─── Data records

text \<open>T maps level j of G_n onto level j+1 by translation (j+1 < H_n); this is
  consistent in n. Where T is undefined (a null set) we let it be the identity.\<close>
definition rk_T :: "(nat \<Rightarrow> nat) \<Rightarrow> (nat \<Rightarrow> nat) \<Rightarrow> (nat \<Rightarrow> nat) \<Rightarrow> (nat \<Rightarrow> nat) \<Rightarrow> real \<Rightarrow> real" where
  "rk_T a b c d x =
     (if \<exists>n j. Suc j < rk_H a b c d n \<and> x \<in> rk_level a b c d n j
      then (let (n, j) = (SOME (n, j). Suc j < rk_H a b c d n \<and> x \<in> rk_level a b c d n j)
            in x - rk_lev a b c d n j + rk_lev a b c d n (Suc j))
      else x)"

definition rk_Tinv :: "(nat \<Rightarrow> nat) \<Rightarrow> (nat \<Rightarrow> nat) \<Rightarrow> (nat \<Rightarrow> nat) \<Rightarrow> (nat \<Rightarrow> nat) \<Rightarrow> real \<Rightarrow> real" where
  "rk_Tinv a b c d x =
     (if \<exists>n j. Suc j < rk_H a b c d n \<and> x \<in> rk_level a b c d n (Suc j)
      then (let (n, j) = (SOME (n, j). Suc j < rk_H a b c d n \<and> x \<in> rk_level a b c d n (Suc j))
            in x - rk_lev a b c d n (Suc j) + rk_lev a b c d n j)
      else x)"

definition rk_M :: "(nat \<Rightarrow> nat) \<Rightarrow> (nat \<Rightarrow> nat) \<Rightarrow> (nat \<Rightarrow> nat) \<Rightarrow> (nat \<Rightarrow> nat) \<Rightarrow> real measure" where
  "rk_M a b c d = restrict_space lebesgue (rk_X a b c d)"

definition rk_p where "rk_p a b c d n = rk_H a b c d n + a n"
definition rk_l where "rk_l a b c d n = rk_H a b c d n + b n"
definition rk_q where "rk_q a b c d n = rk_H a b c d n + c n"
definition rk_m where "rk_m a b c d n = rk_H a b c d n + d n"

fun rk_h :: "(nat \<Rightarrow> nat) \<Rightarrow> (nat \<Rightarrow> nat) \<Rightarrow> (nat \<Rightarrow> nat) \<Rightarrow> (nat \<Rightarrow> nat) \<Rightarrow> nat \<Rightarrow> nat" where
  "rk_h a b c d 0 = 1"
| "rk_h a b c d (Suc n) = rk_p a b c d n + rk_l a b c d n + rk_q a b c d n + rk_H a b c d n"

definition in_W :: "(nat \<Rightarrow> nat) \<Rightarrow> (nat \<Rightarrow> nat) \<Rightarrow> (nat \<Rightarrow> nat) \<Rightarrow> (nat \<Rightarrow> nat) \<Rightarrow> bool" where
  "in_W a b c d \<longleftrightarrow>
     filterlim (\<lambda>n. real (rk_p a b c d n) / real (rk_h a b c d n)) at_top sequentially
   \<and> (\<forall>n. rk_l a b c d n > n * (rk_p a b c d n + rk_q a b c d n + 2 * rk_h a b c d n))
   \<and> (\<forall>n. rk_m a b c d n > n * rk_h a b c d (Suc n))"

──────

▶ _Description of the task_:
Your answer should be the lines above from the one containing "d = restrict_space" through the one containing "(Suc n) = rk_p", copied exactly and with both ends kept.

▶ _Solution_:
  "rk_M a b c d = restrict_space lebesgue (rk_X a b c d)"

definition rk_p where "rk_p a b c d n = rk_H a b c d n + a n"
definition rk_l where "rk_l a b c d n = rk_H a b c d n + b n"
definition rk_q where "rk_q a b c d n = rk_H a b c d n + c n"
definition rk_m where "rk_m a b c d n = rk_H a b c d n + d n"

fun rk_h :: "(nat \<Rightarrow> nat) \<Rightarrow> (nat \<Rightarrow> nat) \<Rightarrow> (nat \<Rightarrow> nat) \<Rightarrow> (nat \<Rightarrow> nat) \<Rightarrow> nat \<Rightarrow> nat" where
  "rk_h a b c d 0 = 1"
| "rk_h a b c d (Suc n) = rk_p a b c d n + rk_l a b c d n + rk_q a b c d n + rk_H a b c d n"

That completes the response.